Analysis of the crystal structure of β-genus BCoV S1-NTD provided the first view of a functional lectin domain in a coronavirus spike (Fig. 5B) (53). The overall structure of BCoV S1-NTD is highly similar to that of MHV S1-NTD, also containing a galectin-like core and a ceiling-like structure on top of the core. In contrast to MHV S1-NTD, which binds CEACAM1 but not sugars, BCoV S1-NTD binds a sugar receptor but not CEACAM1. Glycan screen arrays identified Neu5,9Ac2 (5-N-acetyl-9-O-acetylneuraminic acid) as the sugar receptor for BCoV S1-NTD. Although the structure of a sugar-bound BCoV S1-NTD is not available, structure-guided mutagenesis has revealed that the sugar-binding site is located in a pocket surrounded by the core and the ceiling-like structure on top of the core. The sugar-binding sites in BCoV S1-NTD and human galectins overlap, although human galectins recognize a different sugar receptor, galactose. Structural comparison between MHV and BCoV S1-NTDs revealed that subtle structural changes between the two S1-NTDs, mainly involving different conformations of RBM loops, explain why BCoV S1-NTD does not bind CEACAM1 and why MHV S1-NTD does not bind sugars. These results suggest that MHV and BCoV S1-NTDs are both evolutionarily related to human galectins but that they have diverged from human galectins with specificities for a novel protein receptor and a different sugar receptor, respectively.
We propose the following evolutionary scenario for coronavirus S1-NTDs (Fig. 6). Ancestral coronaviruses stole a host galectin gene and inserted it into the 5′ end of their spike gene, which became coronavirus S1-NTD. Since then, coronavirus S1-NTDs have undergone divergent evolution in three genera. β-Genus BCoV S1-NTD has kept the lectin activity but evolved specificity for a different sugar receptor, Neu5,9Ac2. Although the crystal structures of α- and γ-coronavirus S1-NTDs are not available, they may also have the galectin fold for the following reasons. First, the conserved structural topology of S1-CTDs across different coronavirus genera strongly suggests a similarly conserved structural topology of S1-NTDs across different coronavirus genera.

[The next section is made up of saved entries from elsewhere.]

lemma Rfun_coeff_dissection:
  fixes N k :: nat and m :: int and u \<tau> :: complex
  assumes N: "0 < N" and k: "k < N" and \<tau>: "0 < Im \<tau>"
  shows "Rfun_coeff (of_nat N * u + of_nat k * \<tau> - (of_nat N - 1) / 2 * \<tau> + (of_nat N + 1) / 2) (of_nat N * \<tau>) m
       = Rfun_coeff u (\<tau> / of_nat N) (int N * m + int k)"
proof -
  define n where "n = int N * m + int k"
  define T where "T = Im \<tau>"
  have T: "0 < T" and Np: "0 < real N" using \<tau> N by (simp_all add: T_def)
  have "0 \<le> n \<longleftrightarrow> 0 \<le> m"
  proof
    assume "0 \<le> n"
    show "0 \<le> m"
    proof (rule ccontr)
      assume "\<not> 0 \<le> m"
      then have "int N * m \<le> int N * (- 1)" by (intro mult_left_mono) auto
      then show False using \<open>0 \<le> n\<close> k by (simp add: n_def)
    qed
  qed (simp add: n_def)
  then have sgn_eq: "sgn (real_of_int m + 1/2) = sgn (real_of_int n + 1/2)"
    by (simp add: sgn_of_int_plus_half)
  have sqrt_eq: "sqrt (2 * (real N * T)) = real N * sqrt (2 * (T / real N))"
  proof -
    have "real N = sqrt (real N) * sqrt (real N)" by simp
    then show ?thesis using Np by (simp add: real_sqrt_mult real_sqrt_divide field_simps)
  qed
  have Im_w: "Im (of_nat N * u + of_nat k * \<tau> - (of_nat N - 1) / 2 * \<tau> + (of_nat N + 1) / 2)
      = real N * Im u + real k * T - (real N - 1) / 2 * T"
    by (simp add: T_def)
  have "(real_of_int m + 1/2 + (real N * Im u + real k * T - (real N - 1) / 2 * T) / (real N * T)) * real N
      = real_of_int n + 1/2 + Im u / (T / real N)"
    using Np T by (simp add: n_def field_simps)
  then have arg_eq: "(real_of_int m + 1/2 + (real N * Im u + real k * T - (real N - 1) / 2 * T) / (real N * T))
        * sqrt (2 * (real N * T))
      = (real_of_int n + 1/2 + Im u / (T / real N)) * sqrt (2 * (T / real N))"
    unfolding sqrt_eq by (metis mult.assoc)
  have Im_scaled: "Im (of_nat N * \<tau>) = real N * T" "Im (\<tau> / of_nat N) = T / real N"
    by (simp_all add: T_def)
  show ?thesis
    unfolding Rfun_coeff_def n_def[symmetric] Im_w Im_scaled sgn_eq arg_eq ..
qed
(* Let $A$ be a unital C$^*$-algebra and let $\gamma,\varepsilon>0$. (1) For every $f\in C([0,1])$ there exists $\delta>0$ such that for all positive contractions $a,b\in A$ and all $\tau\in T(A)$ with $\|a-b\|_{2,\tau}<\delta$ we have $\|f(a)-f(b)\|_{2,\tau}<\gamma$. (2) There is $\delta>0$ such that for all positive contractions $a,b\in A$ and all $\tau\in T(A)$ with $\|a-b\|_{2,\tau}<\delta$ we have $d_\tau((a-\varepsilon)_+)<d_\tau(b)+\gamma$.
   Context: $T(A)$ is the set of tracial states of $A$; $\|x\|_{2,\tau}=\tau(x^*x)^{1/2}$. For $a\ge0$, $(a-\varepsilon)_+=f_\varepsilon(a)$ with $f_\varepsilon(t)=\max\{0,t-\varepsilon\}$, and $d_\tau(a)=\lim_{n\to\infty}\tau(a^{1/n})$. *)

theory Defs
  imports "HOL-Analysis.Analysis" "HOL-Computational_Algebra.Polynomial"
begin

text \<open>A unital C*-algebra: a unital Banach algebra (real structure from the type class)
  together with a compatible complex scalar multiplication and an involution
  satisfying the C*-identity.\<close>

locale unital_cstar_algebra =
  fixes star :: "'a::{real_normed_algebra_1,banach} \<Rightarrow> 'a"
    and scC :: "complex \<Rightarrow> 'a \<Rightarrow> 'a"
  assumes scC_add_left: "scC (c + d) x = scC c x + scC d x"
    and scC_add_right: "scC c (x + y) = scC c x + scC c y"
    and scC_assoc: "scC c (scC d x) = scC (c * d) x"
    and scC_one: "scC 1 x = x"
    and scC_of_real: "scC (complex_of_real r) x = scaleR r x"
    and scC_mult_left: "scC c x * y = scC c (x * y)"
    and scC_mult_right: "x * scC c y = scC c (x * y)"
    and norm_scC: "norm (scC c x) = cmod c * norm x"
    and star_add: "star (x + y) = star x + star y"
    and star_mult: "star (x * y) = star y * star x"
    and star_star: "star (star x) = x"
    and star_scC: "star (scC c x) = scC (cnj c) (star x)"
    and cstar_identity: "norm (star x * x) = (norm x)\<^sup>2"
(* Let $\boldsymbol\Phi$ be the symmetric adjacency matrix of a connected undirected graph $G=(V,\mathcal E)$ on $n$ nodes with nonnegative edge weights and no self-loops, with degree matrix $\mathbf D$ and Laplacian $\mathbf L=\mathbf D-\boldsymbol\Phi$. Consider the natural random walk on $G$, i.e. the Markov chain with transition matrix $\mathbf P=\mathbf D^{-1}\boldsymbol\Phi$. Then there exists an oriented edge-incidence matrix $\mathbf F$ of $G$ such that for every edge $(j,k)\in\mathcal E$, $$\mathbf F^\dagger_{\mathcal E(j,k)\cdot}=\sqrt{\Phi_{jk}}\,(\mathbf L^\dagger_{\cdot j}-\mathbf L^\dagger_{\cdot k})=\frac{\sqrt{\Phi_{jk}}}{2\operatorname{vol}(G)}\Big(\mathbf I_n-\frac{\mathbf 1_n\mathbf 1_n^\top}{n}\Big)(\mathbf C_{\cdot k}-\mathbf C_{\cdot j}),$$ where $\operatorname{vol}(G)=\operatorname{trace}(\mathbf D)$ and $\mathbf C\in\mathbb R^{n\times n}_{\ge0}$ is the matrix of commute times, $C_{ij}=H_{ij}+H_{ji}$, with $H_{ij}$ the expected time for the random walk started at node $i$ to reach node $j$.
   Context: An oriented edge-incidence matrix $\mathbf F\in\mathbb R^{n\times|\mathcal E|}$ has, for each edge between nodes $j$ and $k$ with column index $\mathcal E(j,k)$, exactly two nonzero entries $\mathbf F_{j,\mathcal E(j,k)}=-\mathbf F_{k,\mathcal E(j,k)}=\sqrt{\Phi_{jk}}$. $\mathbf F^\dagger$ and $\mathbf L^\dagger$ denote Moore–Penrose pseudoinverses; $\mathbf F^\dagger_{\mathcal E(j,k)\cdot}$ is the row of $\mathbf F^\dagger\in\mathbb R^{|\mathcal E|\times n}$ indexed by edge $\mathcal E(j,k)$, viewed as a vector in $\mathbb R^n$. $D_{ii}=\sum_j\Phi_{ij}$. *)

theory Defs
  imports "HOL-Analysis.Analysis"
begin

definition is_pinv :: "real^'c^'r \<Rightarrow> real^'r^'c \<Rightarrow> bool" where
  "is_pinv A X \<longleftrightarrow> A ** X ** A = A \<and> X ** A ** X = X \<and>
     transpose (A ** X) = A ** X \<and> transpose (X ** A) = X ** A"

definition pinv :: "real^'c^'r \<Rightarrow> real^'r^'c" where
  "pinv A = (THE X. is_pinv A X)"

text \<open>Weighted graph given by a symmetric nonnegative adjacency matrix without self-loops;
  j and k are adjacent iff the weight is positive.\<close>
definition weighted_graph :: "real^'n^'n \<Rightarrow> bool" where
  "weighted_graph Phi \<longleftrightarrow> transpose Phi = Phi \<and> (\<forall>i j. Phi$i$j \<ge> 0) \<and> (\<forall>i. Phi$i$i = 0)"

definition connected_graph :: "real^'n^'n \<Rightarrow> bool" where
  "connected_graph Phi \<longleftrightarrow> (\<forall>j k. (j, k) \<in> {(a, b). Phi$a$b > 0}\<^sup>*)"

definition degree_matrix :: "real^'n^'n \<Rightarrow> real^'n^'n" where
  "degree_matrix Phi = (\<chi> i j. if i = j then (\<Sum>l\<in>UNIV. Phi$i$l) else 0)"

definition laplacian :: "real^'n^'n \<Rightarrow> real^'n^'n" where
  "laplacian Phi = degree_matrix Phi - Phi"

definition vol :: "real^'n^'n \<Rightarrow> real" where
  "vol Phi = trace (degree_matrix Phi)"

definition transition_matrix :: "real^'n^'n \<Rightarrow> real^'n^'n" where
  "transition_matrix Phi = matrix_inv (degree_matrix Phi) ** Phi"

text \<open>Probability that the chain with transition matrix P started at i first hits j
  exactly at time t (sum over trajectories x_0 = i, ..., x_t = j avoiding j before t).\<close>
definition first_hit_prob :: "real^'n^'n \<Rightarrow> 'n \<Rightarrow> 'n \<Rightarrow> nat \<Rightarrow> real" where
  "first_hit_prob P i j t =
     (\<Sum>xs\<in>{xs::'n list. length xs = Suc t \<and> xs ! 0 = i \<and> xs ! t = j \<and> (\<forall>s<t. xs ! s \<noteq> j)}.
        \<Prod>s<t. P $ (xs ! s) $ (xs ! Suc s))"

definition hitting_time :: "real^'n^'n \<Rightarrow> 'n \<Rightarrow> 'n \<Rightarrow> real" where
  "hitting_time P i j = (\<Sum>t. real t * first_hit_prob P i j t)"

Second, the S1-NTDs of both α-genus TGEV and γ-genus IBV function as lectins, although the former recognizes both N-glycolylneuraminic acid (Neu5Gc) and N-acetylneuraminic acid (Neu5Ac) and the latter recognizes Neu5Gc. Hence, sugar-binding S1-NTDs across different coronavirus genera may share the same galectin fold but have diverged to recognize different sugar receptors. On the other hand, β-genus MHV S1-NTD has evolved specificity for a novel protein receptor, CEACAM1. Subsequently, MHV S1-NTD lost its lectin activity because proteins in general have advantages over sugars as viral receptors by providing higher affinity and specificity for viral attachment.
Are coronaviruses the only viruses that stole a host lectin and integrated it into their spike? A survey of viral lectins with known tertiary structures revealed that galectin-like domains are present in a variety of viral spikes, including influenza virus hemagglutinin, whose galectin-like fold was previously unknown (24, 103). Moreover, these viral lectins display diverse sugar-binding modes, but they share a feature—their sugar-binding sites are all located in cavities and are not easily accessible to host antibodies and immune cells. As a comparison, the sugar-binding sites in host galectins are open and easily accessible (Fig. 5C). It was thus hypothesized that these viral lectins all originated from host galectins but have evolved to use hidden sugar-binding sites to evade host immune surveillance (104). The above analysis may explain why coronavirus S1-NTDs have evolved the ceiling-like structure on top of the core, which is used to protect the sugar-binding site in coronavirus S1-NTDs from the host immune system. Subsequently, MHV S1-NTD took advantage of the ceiling-like structure and evolved CEACAM1-binding RBM on the outer surface of this ceiling-like structure. In this sense, the evolution of CEACAM1-binding RBM in MHV S1-NTD might be an indirect outcome of the efforts of coronaviruses to battle the host immune attacks.
So far, we have reviewed the receptor recognition and evolution of coronavirus S1-NTDs and S1-CTDs separately. How do S1-NTDs and S1-CTDs work together in the receptor recognition and evolution of coronavirus spikes? Electron microscopic studies of the SARS-CoV spike revealed that it is a clove-shaped trimer, with three individual S1 heads and a trimeric S2 stalk (Fig. 7) (27, 28). ACE2 binds to the tip of the SARS-CoV spike trimer, where S1-CTD is located. Because the membrane-distal tips of the trimeric spike are the most exposed and protruding region on the whole spike, S1-CTD is directly exposed to the host immune system, evolves at an increased pace to evade the host immune surveillance, and becomes hypervariable in primary, secondary, and tertiary structures. The RBM of S1-CTD is located on the very tip of the trimeric spikes and evolves at the fastest pace. On the other hand, S1-NTD is likely located underneath S1-CTD, is less exposed to the host immune system, and evolves at a slower pace than S1-CTD. Therefore, between the two S1 domains, the more conserved S1-NTDs may function as the more reliable RBDs that recognize sugar receptors, allowing coronaviruses to search for additional and high-affinity protein receptors using their fast-evolving S1-CTDs. Such dual-RBD structures in coronavirus spikes may give coronaviruses an evolutionary advantage in finding new receptors and expanding their host ranges.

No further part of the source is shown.